Although TriOil believes that the expectations and assumptions on which the forward-looking statements are based are reasonable, undue reliance should not be placed on the forward-looking statements because TriOil can give no assurance that they will prove to be correct. Since forward-looking statements address future events and conditions, by their very nature they involve inherent risks and uncertainties. Actual results could differ materially from those currently anticipated due to a number of factors and risks. These include, but are not limited to, the failure to satisfy the conditions to closing the transaction, risks associated with the oil and gas industry in general (e.g., operational risks in development, exploration and production; delays or changes in plans with respect to exploration or development projects or capital expenditures; the uncertainty of reserve estimates; the uncertainty of estimates and projections relating to production, costs and expenses, and health, safety and environmental risks), commodity price and exchange rate fluctuations and uncertainties resulting from potential delays or changes in plans with respect to exploration or development projects or capital expenditures. Certain of these risks are set out in more detail in TriOil’s Annual Information Form which has been filed on SEDAR and can be accessed atwww.sedar.com and TriOil’s other public disclosure documents which have been filed on SEDAR and can be accessed at www.sedar.com.
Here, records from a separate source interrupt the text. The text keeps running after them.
lemma det_dop_matrix_nonzero:
  fixes c :: "('n::finite) mi \<Rightarrow> 'n mi \<Rightarrow> real"
  assumes c: "c \<in> Dset"
  shows "det (dop_matrix c k) \<noteq> 0"
proof
  let ?N = "length (mis_list k :: 'n mi list)"
  assume "det (dop_matrix c k) = 0"
  then obtain v where v: "v \<in> carrier_vec ?N" "v \<noteq> 0\<^sub>v ?N" "dop_matrix c k *\<^sub>v v = 0\<^sub>v ?N"
    using det_0_iff_vec_prod_zero[OF dop_matrix_carrier] by blast
  have "dop c (poly_of_vec k v) = poly_of_vec k (0\<^sub>v ?N)"
    using c v by (simp add: Dset_iff dop_poly_of_vec)
  also have "\<dots> = 0" by (simp add: poly_of_vec_def fun_eq_iff)
  finally have "dop c (poly_of_vec k v) = 0" .
  moreover have "poly_of_vec k v \<in> polys"
    using poly_of_vec_in_polys_upto polys_upto_subset_polys by blast
  ultimately have "poly_of_vec k v = (0 :: 'n mi \<Rightarrow> real)" using c unfolding Dset_iff by blast
  then have "v = vec_of_poly k (0 :: 'n mi \<Rightarrow> real)" using vec_of_poly_of_vec[OF v(1)] by simp
  then show False using v(2) by (simp add: vec_of_poly_def zero_vec_def)
qed

definition dop_solve :: "(('n::finite) mi \<Rightarrow> 'n mi \<Rightarrow> real) \<Rightarrow> nat \<Rightarrow> ('n mi \<Rightarrow> real) \<Rightarrow> 'n mi \<Rightarrow> real" where
  "dop_solve c k q = poly_of_vec k
     ((1 / det (dop_matrix c k)) \<cdot>\<^sub>v (adj_mat (dop_matrix c k) *\<^sub>v vec_of_poly k q))"

lemma dop_solve_in_polys_upto: "dop_solve c k q \<in> polys_upto k"
  by (simp add: dop_solve_def poly_of_vec_in_polys_upto)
The forward-looking statements contained in this press release are made as of the date hereof and TriOil undertakes no obligation to update publicly or revise any forward-looking statements or information, whether as a result of new information, future events or otherwise, unless so required by applicable securities laws.
This document contains the terms “funds from operations”, “net debt” and “operating netback”, which do not have a standardized meaning prescribed by Canadian Generally Accepted Accounting Principles (“GAAP”) and therefore may not be comparable with the calculation of similar measures by other companies. Management uses funds from operations to analyze operating performance and leverage. Management believes “net debt” is a useful supplemental measure of the total amount of current and long-term debt of the Company. Mark-to-market risk management contracts are excluded from the net debt calculation. Management believes “operating netback” is a useful supplemental measure of the amount of revenues received after royalties and operating and transportation costs. Additional information relating to these non-GAAP measures, including the reconciliation between funds from operations and cash flow from operating activities, can be found in the MD&A.
Meaning of BOE
The term “BOE” may be misleading, particularly if used in isolation. A BOE conversion of 6 Mcf:1 bbl is based on an energy equivalency conversion method primarily applicable at the burner tip and does not represent a value equivalency at the wellhead. Given that the value ratio based on the current price of crude oil as compared to natural gas is significantly different from the energy equivalency of 6:1, utilizing a conversion on a 6:1 basis may be misleading as an indication of value. All BOE conversions in this report are derived from converting gas to oil in the ratio of six thousand cubic feet of gas to one barrel of oil.
NEITHER THE TSX VENTURE EXCHANGE NOR ITS REGULATION SERVICES PROVIDER (AS THAT TERM IS DEFINED IN THE POLICIES OF THE TSX VENTURE EXCHANGE) ACCEPTS RESPONSIBILITY FOR THE ADEQUACY OR ACCURACY OF THIS RELEASE.